(Collected data)

(* Let $f_1,\dots,f_n:\mathbb R^d\to\mathbb R$ be convex and differentiable with $L_i$-Lipschitz gradients ($L_i>0$), $f=\frac1n\sum_if_i$, and let $x_*\in\mathbb R^d$ be any fixed point (in the paper, a minimizer of $F=f+\psi$). For any permutation $\sigma=(\sigma^1,\dots,\sigma^n)$ of $[n]$, $$\sum_{i=2}^n\frac{L_{\sigma^i}}{n}\Big\|\sum_{j=1}^{i-1}\nabla f_{\sigma^j}(x_* )\Big\|^2\le n^2\bar L\sigma^2_{\mathrm{any}}.$$ If $\sigma$ is uniformly distributed over all permutations of $[n]$, then $$\mathbb E\left[\sum_{i=2}^n\frac{L_{\sigma^i}}{n}\Big\|\sum_{j=1}^{i-1}\nabla f_{\sigma^j}(x_* )\Big\|^2\right]\le\frac23n\bar L\sigma^2_{\mathrm{rand}}.$$
   Context: $\bar L=\frac1n\sum_{i=1}^nL_i$; $\sigma^2_{\mathrm{any}}=\frac1n\sum_{i=1}^n\|\nabla f_i(x_* )\|^2$; $\sigma^2_{\mathrm{rand}}=\sigma^2_{\mathrm{any}}+n\|\nabla f(x_* )\|^2$; $\|\cdot\|$ is the Euclidean norm. *)

theory Defs
  imports "HOL-Analysis.Analysis" "HOL-Probability.Probability_Mass_Function"
begin

text \<open>Indices are 0-based: the components are f 0, ..., f (n-1); a permutation of [n]
  is a bijection of {..<n} (identity outside), i.e. \<sigma> permutes {..<n}.\<close>

definition Lbar :: "nat \<Rightarrow> (nat \<Rightarrow> real) \<Rightarrow> real" where
  "Lbar n L = (\<Sum>i<n. L i) / real n"

definition sigma2_any :: "nat \<Rightarrow> (nat \<Rightarrow> 'a::real_normed_vector) \<Rightarrow> real" where
  "sigma2_any n g = (\<Sum>i<n. (norm (g i))\<^sup>2) / real n"

text \<open>g i is the gradient of f_i at x_*; the gradient of f = (1/n) sum f_i at x_* is
  (1/n) sum g i.\<close>
definition sigma2_rand :: "nat \<Rightarrow> (nat \<Rightarrow> 'a::real_normed_vector) \<Rightarrow> real" where
  "sigma2_rand n g = sigma2_any n g + real n * (norm (scaleR (1 / real n) (\<Sum>i<n. g i)))\<^sup>2"

text \<open>The shuffling quantity: sum_{i=2}^n (L_{\<sigma>^i}/n) ||sum_{j=1}^{i-1} g_{\<sigma>^j}||^2,
  written 0-based (positions 1..n-1, prefixes over positions 0..i-1).\<close>
definition shuffle_sum :: "nat \<Rightarrow> (nat \<Rightarrow> real) \<Rightarrow> (nat \<Rightarrow> 'a::real_normed_vector) \<Rightarrow> (nat \<Rightarrow> nat) \<Rightarrow> real" where
  "shuffle_sum n L g \<sigma> = (\<Sum>i\<in>{1..<n}. L (\<sigma> i) / real n * (norm (\<Sum>j<i. g (\<sigma> j)))\<^sup>2)"

end

theory Submission
  imports Defs "HOL-Combinatorics.Multiset_Permutations"
begin

text \<open>Only the gradients at \<open>xs\<close> and the signs of the \<open>L i\<close> enter the bounds. The deterministic bound is Cauchy--Schwarz applied to every
  prefix sum. For the expectation we compute the mean exactly: in a uniformly random ordering
  of a set \<open>A\<close>, the elements preceding a fixed \<open>k\<close> form a uniformly random subset of
  \<open>A - {k}\<close> of uniformly random size, and averaging the squared norm of its sum over the sizes
  weighs \<open>\<Sum>\<^sub>b \<parallel>g b\<parallel>\<^sup>2\<close> with \<open>1/6\<close> and \<open>\<parallel>\<Sum>\<^sub>b g b\<parallel>\<^sup>2\<close> with \<open>1/3\<close>. This closed form is
  verified by induction on \<open>A\<close>, removing the last element of the ordering; each of its terms
  is at most \<open>2/3\<close> of the right-hand side.\<close>

definition prefix_cost :: "('b \<Rightarrow> real) \<Rightarrow> ('b \<Rightarrow> 'a::real_normed_vector) \<Rightarrow> 'b list \<Rightarrow> real" where
  "prefix_cost L g xs = (\<Sum>i<length xs. L (xs ! i) * (norm (\<Sum>j<i. g (xs ! j)))\<^sup>2)"

definition energy :: "('b \<Rightarrow> 'a::real_inner) \<Rightarrow> 'b set \<Rightarrow> real" where
  "energy g B = (\<Sum>b\<in>B. (norm (g b))\<^sup>2) / 6 + (norm (sum g B))\<^sup>2 / 3"

definition expected_prefix_cost :: "('b \<Rightarrow> real) \<Rightarrow> ('b \<Rightarrow> 'a::real_inner) \<Rightarrow> 'b set \<Rightarrow> real" where
  "expected_prefix_cost L g A = (\<Sum>k\<in>A. L k * energy g (A - {k}))"

lemma prefix_cost_snoc:
  "prefix_cost L g (xs @ [x]) = prefix_cost L g xs + L x * (norm (sum_list (map g xs)))\<^sup>2"
proof -
  have "prefix_cost L g (xs @ [x])
      = (\<Sum>i<length xs. L ((xs @ [x]) ! i) * (norm (\<Sum>j<i. g ((xs @ [x]) ! j)))\<^sup>2)
        + L x * (norm (\<Sum>j<length xs. g ((xs @ [x]) ! j)))\<^sup>2"
    by (simp add: prefix_cost_def)
  also have "(\<Sum>i<length xs. L ((xs @ [x]) ! i) * (norm (\<Sum>j<i. g ((xs @ [x]) ! j)))\<^sup>2)
      = prefix_cost L g xs"
    unfolding prefix_cost_def by (intro sum.cong refl) (simp add: nth_append)
  also have "(\<Sum>j<length xs. g ((xs @ [x]) ! j)) = sum_list (map g xs)"
    by (simp add: nth_append sum_list_sum_nth atLeast0LessThan)
  finally show ?thesis .
qed

lemma shuffle_sum_eq_prefix_cost:
  assumes "0 < n"
  shows "shuffle_sum n L g \<sigma> = prefix_cost L g (map \<sigma> [0..<n]) / real n"
proof -
  have "prefix_cost L g (map \<sigma> [0..<n]) = (\<Sum>i<n. L (\<sigma> i) * (norm (\<Sum>j<i. g (\<sigma> j)))\<^sup>2)"
    unfolding prefix_cost_def by (intro sum.cong refl) auto
  also have "{..<n} = insert 0 {1..<n}"
    using assms by auto
  finally show ?thesis
    by (simp add: shuffle_sum_def sum_divide_distrib)
qed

> **Prompt**
Your answer must be the line containing "verified by induction" through the last line above, copied exactly, with nothing added.

> **Answer to this exercise**
  verified by induction on \<open>A\<close>, removing the last element of the ordering; each of its terms
  is at most \<open>2/3\<close> of the right-hand side.\<close>

definition prefix_cost :: "('b \<Rightarrow> real) \<Rightarrow> ('b \<Rightarrow> 'a::real_normed_vector) \<Rightarrow> 'b list \<Rightarrow> real" where
  "prefix_cost L g xs = (\<Sum>i<length xs. L (xs ! i) * (norm (\<Sum>j<i. g (xs ! j)))\<^sup>2)"

definition energy :: "('b \<Rightarrow> 'a::real_inner) \<Rightarrow> 'b set \<Rightarrow> real" where
  "energy g B = (\<Sum>b\<in>B. (norm (g b))\<^sup>2) / 6 + (norm (sum g B))\<^sup>2 / 3"

definition expected_prefix_cost :: "('b \<Rightarrow> real) \<Rightarrow> ('b \<Rightarrow> 'a::real_inner) \<Rightarrow> 'b set \<Rightarrow> real" where
  "expected_prefix_cost L g A = (\<Sum>k\<in>A. L k * energy g (A - {k}))"

lemma prefix_cost_snoc:
  "prefix_cost L g (xs @ [x]) = prefix_cost L g xs + L x * (norm (sum_list (map g xs)))\<^sup>2"
proof -
  have "prefix_cost L g (xs @ [x])
      = (\<Sum>i<length xs. L ((xs @ [x]) ! i) * (norm (\<Sum>j<i. g ((xs @ [x]) ! j)))\<^sup>2)
        + L x * (norm (\<Sum>j<length xs. g ((xs @ [x]) ! j)))\<^sup>2"
    by (simp add: prefix_cost_def)
  also have "(\<Sum>i<length xs. L ((xs @ [x]) ! i) * (norm (\<Sum>j<i. g ((xs @ [x]) ! j)))\<^sup>2)
      = prefix_cost L g xs"
    unfolding prefix_cost_def by (intro sum.cong refl) (simp add: nth_append)
  also have "(\<Sum>j<length xs. g ((xs @ [x]) ! j)) = sum_list (map g xs)"
    by (simp add: nth_append sum_list_sum_nth atLeast0LessThan)
  finally show ?thesis .
qed

lemma shuffle_sum_eq_prefix_cost:
  assumes "0 < n"
  shows "shuffle_sum n L g \<sigma> = prefix_cost L g (map \<sigma> [0..<n]) / real n"
proof -
  have "prefix_cost L g (map \<sigma> [0..<n]) = (\<Sum>i<n. L (\<sigma> i) * (norm (\<Sum>j<i. g (\<sigma> j)))\<^sup>2)"
    unfolding prefix_cost_def by (intro sum.cong refl) auto
  also have "{..<n} = insert 0 {1..<n}"
    using assms by auto
  finally show ?thesis
    by (simp add: shuffle_sum_def sum_divide_distrib)
qed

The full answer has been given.